I used a weak dye solution (1/16 tsp RIT kelly green and 1/16 tsp RIT teal in 1 cup water) to come up with the seafoam color I used for the middle stripes. To sew them, I seamed the front two, pressed the raw edges under. Then I hand basted them into place along the sides and tops and topstitched the pressed edges. From there, the pieces are treated as one with the fronts and backs.


My process for the side seam zippers was pretty similar to this tutorial by Pattern Runway.


The rivets are from Cawaiiland on Etsy. I’ve used them in the past and I like their rivets, and they give you enough to last for a really really long time for not a lot of money.
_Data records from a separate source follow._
lemma integral_Ioi_eq_integral_unit_interval:
  fixes f h :: "real \<Rightarrow> real"
  assumes f_cont: "continuous_on {0<..} f" and f_nonneg: "\<And>x. 0 < x \<Longrightarrow> 0 \<le> f x"
    and h_cont: "continuous_on {0..1} h"
    and h_eq: "\<And>t. 0 < t \<Longrightarrow> t < 1 \<Longrightarrow> h t = f (t / (1 - t)) * (1 / (1 - t)^2)"
  shows "integral {0<..} f = integral {0..1} h"
proof -
  define g where "g t = t / (1 - t)" for t :: real
  define g' where "g' t = 1 / (1 - t)^2" for t :: real
  have unit_ereal: "einterval 0 1 = {0::real<..<1}" by (auto simp: einterval_def)
  have Ioi_ereal: "einterval 0 \<infinity> = {0::real<..}" by (auto simp: einterval_def zero_ereal_def)
  have in_unit: "0 < x \<and> x < 1" if "0 < ereal x" "ereal x < 1" for x
    using that by (simp add: zero_ereal_def one_ereal_def)
  have "set_integrable lborel {0<..<1} h"
    by (rule set_integrable_subset[OF borel_integrable_atLeastAtMost'[OF h_cont]]) auto
  then have integrable: "set_integrable lborel (einterval 0 1) (\<lambda>t. f (g t) * g' t)"
    unfolding unit_ereal by (rule set_integrable_cong[THEN iffD1, rotated -1]) (auto simp: h_eq g_def g'_def)
  have lim0: "((ereal \<circ> g \<circ> real_of_ereal) \<longlongrightarrow> 0) (at_right 0)"
  proof -
    have "(g \<longlongrightarrow> 0) (at_right 0)" unfolding g_def by real_asymp
    then show ?thesis unfolding zero_ereal_def ereal_tendsto_simps by simp
  qed
  have lim1: "((ereal \<circ> g \<circ> real_of_ereal) \<longlongrightarrow> \<infinity>) (at_left 1)"
  proof -
    have "LIM x at_left 1. g x :> at_top" unfolding g_def by real_asymp
    then show ?thesis unfolding one_ereal_def ereal_tendsto_simps by simp
  qed
  have "DERIV g x :> g' x" "isCont f (g x)" "isCont g' x" "0 \<le> f (g x)"
    if "0 < ereal x" "ereal x < 1" for x
  proof -
    have x: "0 < x" "x < 1" using in_unit[OF that] by auto
    show "DERIV g x :> g' x" unfolding g_def[abs_def] g'_def using x
      by (auto intro!: derivative_eq_intros simp: field_simps power2_eq_square)
    show "isCont f (g x)" using x unfolding g_def
      by (intro continuous_on_interior[OF f_cont]) (simp add: interior_open)
    show "isCont g' x" using x unfolding g'_def[abs_def] by (intro continuous_intros) auto
    show "0 \<le> f (g x)" using x f_nonneg unfolding g_def by simp
  qed
  moreover have "0 \<le> g' x" for x by (simp add: g'_def)
  ultimately have subst: "set_integrable lborel (einterval 0 \<infinity>) f"
      "(LBINT x=0..\<infinity>. f x) = (LBINT t=0..1. f (g t) * g' t)"
    using interval_integral_substitution_nonneg[of 0 1 g g' f 0 \<infinity>, OF _ _ _ _ _ _ lim0 lim1 integrable]
    by auto
  have "integral {0<..} f = (LBINT x=0..\<infinity>. f x)"
    using set_borel_integral_eq_integral(2)[OF subst(1)]
    by (simp add: Ioi_ereal interval_lebesgue_integral_0_infty)
  also have "\<dots> = (LINT t:einterval 0 1|lborel. f (g t) * g' t)"
    by (simp add: subst(2) interval_lebesgue_integral_le_eq)
  also have "\<dots> = integral {0<..<1} (\<lambda>t. f (g t) * g' t)"
    using set_borel_integral_eq_integral(2)[OF integrable] by (simp add: unit_ereal)
  also have "\<dots> = integral {0<..<1} h"
    by (rule integral_cong) (simp add: h_eq g_def g'_def)
  also have "\<dots> = integral {0..1} h" by (simp add: integral_open_interval_real)
  finally show ?thesis .
qed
For the basic construction, I referred to Jalie 2908 because their instructions are so well written, particularly on the pockets. I did french seam the pocket bottoms because it makes for such a pretty pocket.  The vintage McCalls’ girls like pretty pockets:


This girl is admiring my fly.


Make it pretty, mmmkay!

I should note that the fabric is a sage green stretch bull denim from Denver Fabrics.  The side panels are from plain cotton broadcloth, and the pocket fabric and fly facing is a print of vintage McCall’s pattern girls in their sweet dresses that I got from Hancock’s eons ago.

These jeans were a big challenge, but I’m glad I went through it all.  I almost bought the jeans at LOFT, but mine fit better, the stripes are more fun, and the puzzle of putting it all together was a joy.

My full review is here, and you know I’m hitting you up for votes for PR’s Jeans Contest.  Vote for me!

7 thoughts on “Sage and seafoam side stripe jeans

  1. Nice jeans! The side stripe definitely adds some interest. And thanks for the heads-up on the rivet source–I pinned their shop to my sewing board so I’ll remember the next time I need to hunt some down!

  2. You really put a lot of work into your jeans! Especially with doing it with a non-standard color like green and all the dying and such and having it come out looking good.

    One thing I was thinking about was to put eyelets along the side seam, as a sort of ventilation system, which could be useful on a hot day. I dunno, might look a bit too unusual…

  3. I say go for it. Jeans are a template for creativity, and there’s a lot of room for variations and fun features.